• EXERCISE PROMPT
Please quote exactly the lines below from the line containing "text \<open>Generalized substitution" to the line containing "set \<Rightarrow> ('a", both lines included, and nothing else.

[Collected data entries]
________________________________________

(* Let $K$ be an alphabet space and $\sigma:K\to K^+$ a generalized substitution on $K$. Then the induced map $\sigma:K^{\mathbb Z}\to K^{\mathbb Z}$ is continuous.
   Context: An alphabet space is a compact zero-dimensional metric space $K$ with at least two points; $K^+$ is the set of nonempty finite words over $K$, and $K^{\mathbb Z}$ carries the product topology. A generalized substitution is a map $\sigma:K\to K^+$ such that $a\mapsto|\sigma(a)|$ is continuous and, for each $j$, $a\mapsto$ ($j$-th letter of $\sigma(a)$) is continuous on $\{a:|\sigma(a)|\ge j\}$. Its extension to $K^{\mathbb Z}$ is $\sigma(\ldots x_{-2}x_{-1}.x_0x_1\ldots)=\ldots\sigma(x_{-2})\sigma(x_{-1}).\sigma(x_0)\sigma(x_1)\ldots$, with $\sigma(x_0)$ starting at coordinate $0$. *)

theory Defs
  imports "HOL-Analysis.Analysis"
begin

definition zero_dimensional :: "'a::metric_space set \<Rightarrow> bool" where
  "zero_dimensional K \<longleftrightarrow>
     (\<forall>x\<in>K. \<forall>U. open U \<and> x \<in> U \<longrightarrow>
        (\<exists>C. openin (top_of_set K) C \<and> closedin (top_of_set K) C \<and> x \<in> C \<and> C \<subseteq> U \<inter> K))"

definition alphabet_space :: "'a::metric_space set \<Rightarrow> bool" where
  "alphabet_space K \<longleftrightarrow> compact K \<and> zero_dimensional K \<and> (\<exists>a\<in>K. \<exists>b\<in>K. a \<noteq> b)"

text \<open>Generalized substitution sigma : K -> K^+ (nonempty finite words over K), with
  continuous length map and continuous j-th letter maps (0-indexed here).\<close>
definition gen_substitution :: "'a::metric_space set \<Rightarrow> ('a \<Rightarrow> 'a list) \<Rightarrow> bool" where
  "gen_substitution K \<sigma> \<longleftrightarrow>
     (\<forall>a\<in>K. \<sigma> a \<noteq> [] \<and> set (\<sigma> a) \<subseteq> K) \<and>
     continuous_on K (\<lambda>a. length (\<sigma> a)) \<and>
     (\<forall>j::nat. continuous_on {a\<in>K. j < length (\<sigma> a)} (\<lambda>a. \<sigma> a ! j))"

text \<open>Starting coordinate of the block sigma(x_k) in sigma(x); block sigma(x_0) starts at 0.\<close>
definition block_start :: "('a \<Rightarrow> 'a list) \<Rightarrow> (int \<Rightarrow> 'a) \<Rightarrow> int \<Rightarrow> int" where
  "block_start \<sigma> x k =
     (if 0 \<le> k then (\<Sum>i\<in>{0..<k}. int (length (\<sigma> (x i))))
      else - (\<Sum>i\<in>{k..<0}. int (length (\<sigma> (x i)))))"

definition subst_ext :: "('a \<Rightarrow> 'a list) \<Rightarrow> (int \<Rightarrow> 'a) \<Rightarrow> (int \<Rightarrow> 'a)" where
  "subst_ext \<sigma> x n =
     (let k = (THE k. block_start \<sigma> x k \<le> n \<and> n < block_start \<sigma> x (k + 1))
      in \<sigma> (x k) ! nat (n - block_start \<sigma> x k))"

definition full_shift_top :: "'a::metric_space set \<Rightarrow> (int \<Rightarrow> 'a) topology" where
  "full_shift_top K = product_topology (\<lambda>_. top_of_set K) UNIV"

end

theory Submission
  imports Defs
begin

text \<open>Coordinate \<open>n\<close> of \<open>\<sigma>(x)\<close> is the \<open>j\<close>-th letter of the block \<open>\<sigma>(x\<^sub>k)\<close> containing \<open>n\<close>, and both
  \<open>k\<close> and \<open>j\<close> are determined by the lengths \<open>|\<sigma>(x\<^sub>i)|\<close> for \<open>i\<close> between \<open>0\<close> and \<open>k\<close>.
  Since the length map is continuous into a discrete space, these lengths are locally
  constant in \<open>x\<close>, so near \<open>x\<close> coordinate \<open>n\<close> of \<open>\<sigma>(y)\<close> is \<open>\<sigma>(y\<^sub>k)\<^sub>j\<close>, which depends
  continuously on \<open>y\<^sub>k\<close>.\<close>

lemma block_start_Suc:
  "block_start \<sigma> x (k + 1) = block_start \<sigma> x k + int (length (\<sigma> (x k)))"
proof (cases "0 \<le> k")
  case True
  then have "{0..<k + 1} = insert k {0..<k}" by auto
  with True show ?thesis by (simp add: block_start_def)
next
  case False
  show ?thesis
  proof (cases "k = -1")
    case True
    then have "{k..<0} = {-1}" by auto
    with True show ?thesis by (simp add: block_start_def)
  next
    case k: False
    with False have "{k..<0} = insert k {k + 1..<0}" by auto
    with False k show ?thesis by (simp add: block_start_def)
  qed
qed

lemma block_start_zero [simp]: "block_start \<sigma> x 0 = 0"
  by (simp add: block_start_def)

lemma block_start_mono:
  assumes nonempty: "\<And>i. \<sigma> (x i) \<noteq> []" and "a \<le> b"
  shows "block_start \<sigma> x a + (b - a) \<le> block_start \<sigma> x b"
proof -
  have "block_start \<sigma> x a + int d \<le> block_start \<sigma> x (a + int d)" for d
  proof (induction d)
    case (Suc d)
    have "length (\<sigma> (x (a + int d))) \<ge> 1"
      using nonempty by (simp add: Suc_le_eq)
    with Suc show ?case
      using block_start_Suc[of \<sigma> x "a + int d"] by (simp add: algebra_simps)
  qed simp
  from this[of "nat (b - a)"] \<open>a \<le> b\<close> show ?thesis by simp
qed

lemma block_containing_unique:
  assumes nonempty: "\<And>i. \<sigma> (x i) \<noteq> []"
    and "block_start \<sigma> x k \<le> n" "n < block_start \<sigma> x (k + 1)"
    and "block_start \<sigma> x k' \<le> n" "n < block_start \<sigma> x (k' + 1)"
  shows "k = k'"
proof (rule ccontr)
  assume "k \<noteq> k'"
  then consider "k + 1 \<le> k'" | "k' + 1 \<le> k" by linarith
  then show False
    by cases (use block_start_mono[of \<sigma> x, OF nonempty] assms(2-) in fastforce)+
qed

lemma block_containing_exists:
  assumes nonempty: "\<And>i. \<sigma> (x i) \<noteq> []"
  shows "\<exists>k. block_start \<sigma> x k \<le> n \<and> n < block_start \<sigma> x (k + 1)"
proof -
  define S where "S = {k \<in> {min n 0..max n 0}. block_start \<sigma> x k \<le> n}"
  have "finite S" unfolding S_def by (rule finite_subset[of _ "{min n 0..max n 0}"]) auto
  have "min n 0 \<in> S"
    using block_start_mono[of \<sigma> x, OF nonempty, of "min n 0" 0] unfolding S_def by auto
  define m where "m = Max S"
  have "m \<in> S" using \<open>finite S\<close> \<open>min n 0 \<in> S\<close> unfolding m_def by (auto intro: Max_in)
  moreover have "n < block_start \<sigma> x (m + 1)"
  proof (rule ccontr)
    assume le: "\<not> n < block_start \<sigma> x (m + 1)"
    show False
    proof (cases "m + 1 \<le> max n 0")
      case True
      with le \<open>m \<in> S\<close> have "m + 1 \<in> S" unfolding S_def by auto
      with \<open>finite S\<close> show False unfolding m_def using Max_ge by fastforce
    next
      case False
      then show False
        using le block_start_mono[of \<sigma> x, OF nonempty, of 0 "m + 1"] by simp
    qed
  qed
  ultimately show ?thesis unfolding S_def by auto
qed

lemma subst_ext_eq_block_letter:
  assumes nonempty: "\<And>i. \<sigma> (x i) \<noteq> []"
    and "block_start \<sigma> x k \<le> n" "n < block_start \<sigma> x (k + 1)"
  shows "subst_ext \<sigma> x n = \<sigma> (x k) ! nat (n - block_start \<sigma> x k)"
proof -
  have "(THE k. block_start \<sigma> x k \<le> n \<and> n < block_start \<sigma> x (k + 1)) = k"
    using assms block_containing_unique[of \<sigma> x, OF nonempty] by (intro the_equality) auto
  then show ?thesis by (simp add: subst_ext_def)
qed

lemma block_start_cong:
  assumes "\<And>i. i \<in> {min 0 k..max 0 k} \<Longrightarrow> length (\<sigma> (y i)) = length (\<sigma> (x i))"
  shows "block_start \<sigma> y k = block_start \<sigma> x k"
  using assms by (auto simp: block_start_def intro!: sum.cong arg_cong[of _ _ uminus])

lemma subst_ext_eq_on_window:
  assumes nonempty: "\<And>i. \<sigma> (y i) \<noteq> []"
    and lengths: "\<And>i. i \<in> {min 0 k..max 0 k} \<Longrightarrow> length (\<sigma> (y i)) = length (\<sigma> (x i))"
    and "block_start \<sigma> x k \<le> n" "n < block_start \<sigma> x (k + 1)"
  shows "subst_ext \<sigma> y n = \<sigma> (y k) ! nat (n - block_start \<sigma> x k)"
proof -
  have start: "block_start \<sigma> y k = block_start \<sigma> x k"
    using block_start_cong lengths by blast
  moreover have "block_start \<sigma> y (k + 1) = block_start \<sigma> x (k + 1)"
    using start lengths[of k] block_start_Suc[of \<sigma> _ k] by simp
  ultimately show ?thesis
    using subst_ext_eq_block_letter[of \<sigma> y k n, OF nonempty] assms(3,4) by simp
qed

lemma gen_substitution_openin_length_level:
  assumes "gen_substitution K \<sigma>"
  shows "openin (top_of_set K) {a \<in> K. length (\<sigma> a) = L}"
proof -
  have "continuous_on K (\<lambda>a. length (\<sigma> a))"
    using assms by (simp add: gen_substitution_def)
  then have "openin (top_of_set K) (K \<inter> (\<lambda>a. length (\<sigma> a)) -` {L})"
    by (rule continuous_openin_preimage_gen) (simp add: open_discrete)
  then show ?thesis by (simp add: Int_def vimage_def)
qed

lemma gen_substitution_openin_letter_preimage:
  assumes sub: "gen_substitution K \<sigma>" and U: "openin (top_of_set K) U"
  shows "openin (top_of_set K) {a \<in> K. j < length (\<sigma> a) \<and> \<sigma> a ! j \<in> U}"
proof -
  define D where "D = {a \<in> K. j < length (\<sigma> a)}"
  have "continuous_on K (\<lambda>a. length (\<sigma> a))"
    using sub by (simp add: gen_substitution_def)
  then have "openin (top_of_set K) (K \<inter> (\<lambda>a. length (\<sigma> a)) -` {j<..})"
    by (rule continuous_openin_preimage_gen) simp
  then have D_open: "openin (top_of_set K) D"
    unfolding D_def by (simp add: Int_def vimage_def)
  obtain T where T: "open T" "U = K \<inter> T" using U openin_open by blast
  have "continuous_on D (\<lambda>a. \<sigma> a ! j)"
    using sub unfolding D_def gen_substitution_def by blast
  then have "openin (top_of_set D) (D \<inter> (\<lambda>a. \<sigma> a ! j) -` T)"
    using \<open>open T\<close> by (rule continuous_openin_preimage_gen)
  then have "openin (top_of_set K) (D \<inter> (\<lambda>a. \<sigma> a ! j) -` T)"
    using D_open openin_trans by blast
  moreover have "\<sigma> a ! j \<in> K" if "a \<in> D" for a
    using sub that nth_mem unfolding D_def gen_substitution_def by blast
  then have "D \<inter> (\<lambda>a. \<sigma> a ! j) -` T = {a \<in> K. j < length (\<sigma> a) \<and> \<sigma> a ! j \<in> U}"
    using T(2) unfolding D_def by auto
  ultimately show ?thesis by simp
qed

lemma topspace_full_shift_top: "topspace (full_shift_top K) = {x. \<forall>i. x i \<in> K}"
  by (auto simp: full_shift_top_def topspace_product_topology PiE_UNIV_domain)

lemma openin_full_shift_top_cylinder:
  assumes "openin (top_of_set K) V"
  shows "openin (full_shift_top K) {y \<in> topspace (full_shift_top K). y i \<in> V}"
  unfolding full_shift_top_def
  by (rule openin_continuous_map_preimage[OF continuous_map_product_projection[where k = i] assms]) simp

lemma subst_ext_locally_letter:
  assumes nonempty: "\<And>i. \<sigma> (x i) \<noteq> []"
  obtains k j where "j < length (\<sigma> (x k))"
    and "\<And>y. (\<And>i. \<sigma> (y i) \<noteq> []) \<Longrightarrow>
      (\<And>i. i \<in> {min 0 k..max 0 k} \<Longrightarrow> length (\<sigma> (y i)) = length (\<sigma> (x i))) \<Longrightarrow>
      subst_ext \<sigma> y n = \<sigma> (y k) ! j"
proof -
  obtain k where k: "block_start \<sigma> x k \<le> n" "n < block_start \<sigma> x (k + 1)"
    using block_containing_exists[of \<sigma> x, OF nonempty] by blast
  then have "nat (n - block_start \<sigma> x k) < length (\<sigma> (x k))"
    using block_start_Suc[of \<sigma> x k] by simp
  with k show ?thesis
    using that subst_ext_eq_on_window by blast
qed

lemma continuous_map_subst_ext_coordinate:
  assumes sub: "gen_substitution K \<sigma>"
  shows "continuous_map (full_shift_top K) (top_of_set K) (\<lambda>x. subst_ext \<sigma> x n)"
proof -
  let ?X = "topspace (full_shift_top K)"
  have words: "\<sigma> a \<noteq> [] \<and> set (\<sigma> a) \<subseteq> K" if "a \<in> K" for a
    using sub that by (simp add: gen_substitution_def)
  have nonempty: "\<sigma> (x i) \<noteq> []" if "x \<in> ?X" for x i
    using that words by (simp add: topspace_full_shift_top)
  show ?thesis
    unfolding continuous_map_def
  proof (intro conjI allI impI)
    show "(\<lambda>x. subst_ext \<sigma> x n) \<in> ?X \<rightarrow> topspace (top_of_set K)"
    proof
      fix x assume x: "x \<in> ?X"
      obtain k j where "j < length (\<sigma> (x k))" "subst_ext \<sigma> x n = \<sigma> (x k) ! j"
        using subst_ext_locally_letter[of \<sigma> x n] nonempty[OF x] by metis
      with x words show "subst_ext \<sigma> x n \<in> topspace (top_of_set K)"
        by (auto simp: topspace_full_shift_top dest!: nth_mem)
    qed
  next
    fix U assume U: "openin (top_of_set K) U"
    show "openin (full_shift_top K) {x \<in> ?X. subst_ext \<sigma> x n \<in> U}"
    proof (subst openin_subopen, intro ballI)
      fix x assume "x \<in> {x \<in> ?X. subst_ext \<sigma> x n \<in> U}"
      then have x: "x \<in> ?X" and xU: "subst_ext \<sigma> x n \<in> U" by auto
      obtain k j where j: "j < length (\<sigma> (x k))" and letter: "\<And>y. y \<in> ?X \<Longrightarrow>
          (\<And>i. i \<in> {min 0 k..max 0 k} \<Longrightarrow> length (\<sigma> (y i)) = length (\<sigma> (x i))) \<Longrightarrow>
          subst_ext \<sigma> y n = \<sigma> (y k) ! j"
        using subst_ext_locally_letter[of \<sigma> x n] nonempty x by metis
      define W where "W = (\<Inter>i \<in> {min 0 k..max 0 k}.
          {y \<in> ?X. y i \<in> {a \<in> K. length (\<sigma> a) = length (\<sigma> (x i))}})
          \<inter> {y \<in> ?X. y k \<in> {a \<in> K. j < length (\<sigma> a) \<and> \<sigma> a ! j \<in> U}}"
      show "\<exists>W. openin (full_shift_top K) W \<and> x \<in> W \<and> W \<subseteq> {x \<in> ?X. subst_ext \<sigma> x n \<in> U}"
      proof (intro exI conjI)
        show "openin (full_shift_top K) W"
          unfolding W_def
          by (intro openin_Int openin_INT2 openin_full_shift_top_cylinder
              gen_substitution_openin_length_level gen_substitution_openin_letter_preimage
              sub U) auto
        show "x \<in> W"
          using x xU j letter[OF x] unfolding W_def by (auto simp: topspace_full_shift_top)
        show "W \<subseteq> {x \<in> ?X. subst_ext \<sigma> x n \<in> U}"
          using letter unfolding W_def by auto
      qed
    qed
  qed
qed

theorem mainTheorem16:
  fixes K :: "'a::metric_space set" and \<sigma> :: "'a \<Rightarrow> 'a list"
  assumes "alphabet_space K"
    and "gen_substitution K \<sigma>"
  shows "continuous_map (full_shift_top K) (full_shift_top K) (subst_ext \<sigma>)"
  using continuous_map_subst_ext_coordinate[OF assms(2)]
  by (simp add: full_shift_top_def continuous_map_componentwise_UNIV)

end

________________________________________

• ANSWER TO THIS EXERCISE
text \<open>Generalized substitution sigma : K -> K^+ (nonempty finite words over K), with
  continuous length map and continuous j-th letter maps (0-indexed here).\<close>
definition gen_substitution :: "'a::metric_space set \<Rightarrow> ('a \<Rightarrow> 'a list) \<Rightarrow> bool" where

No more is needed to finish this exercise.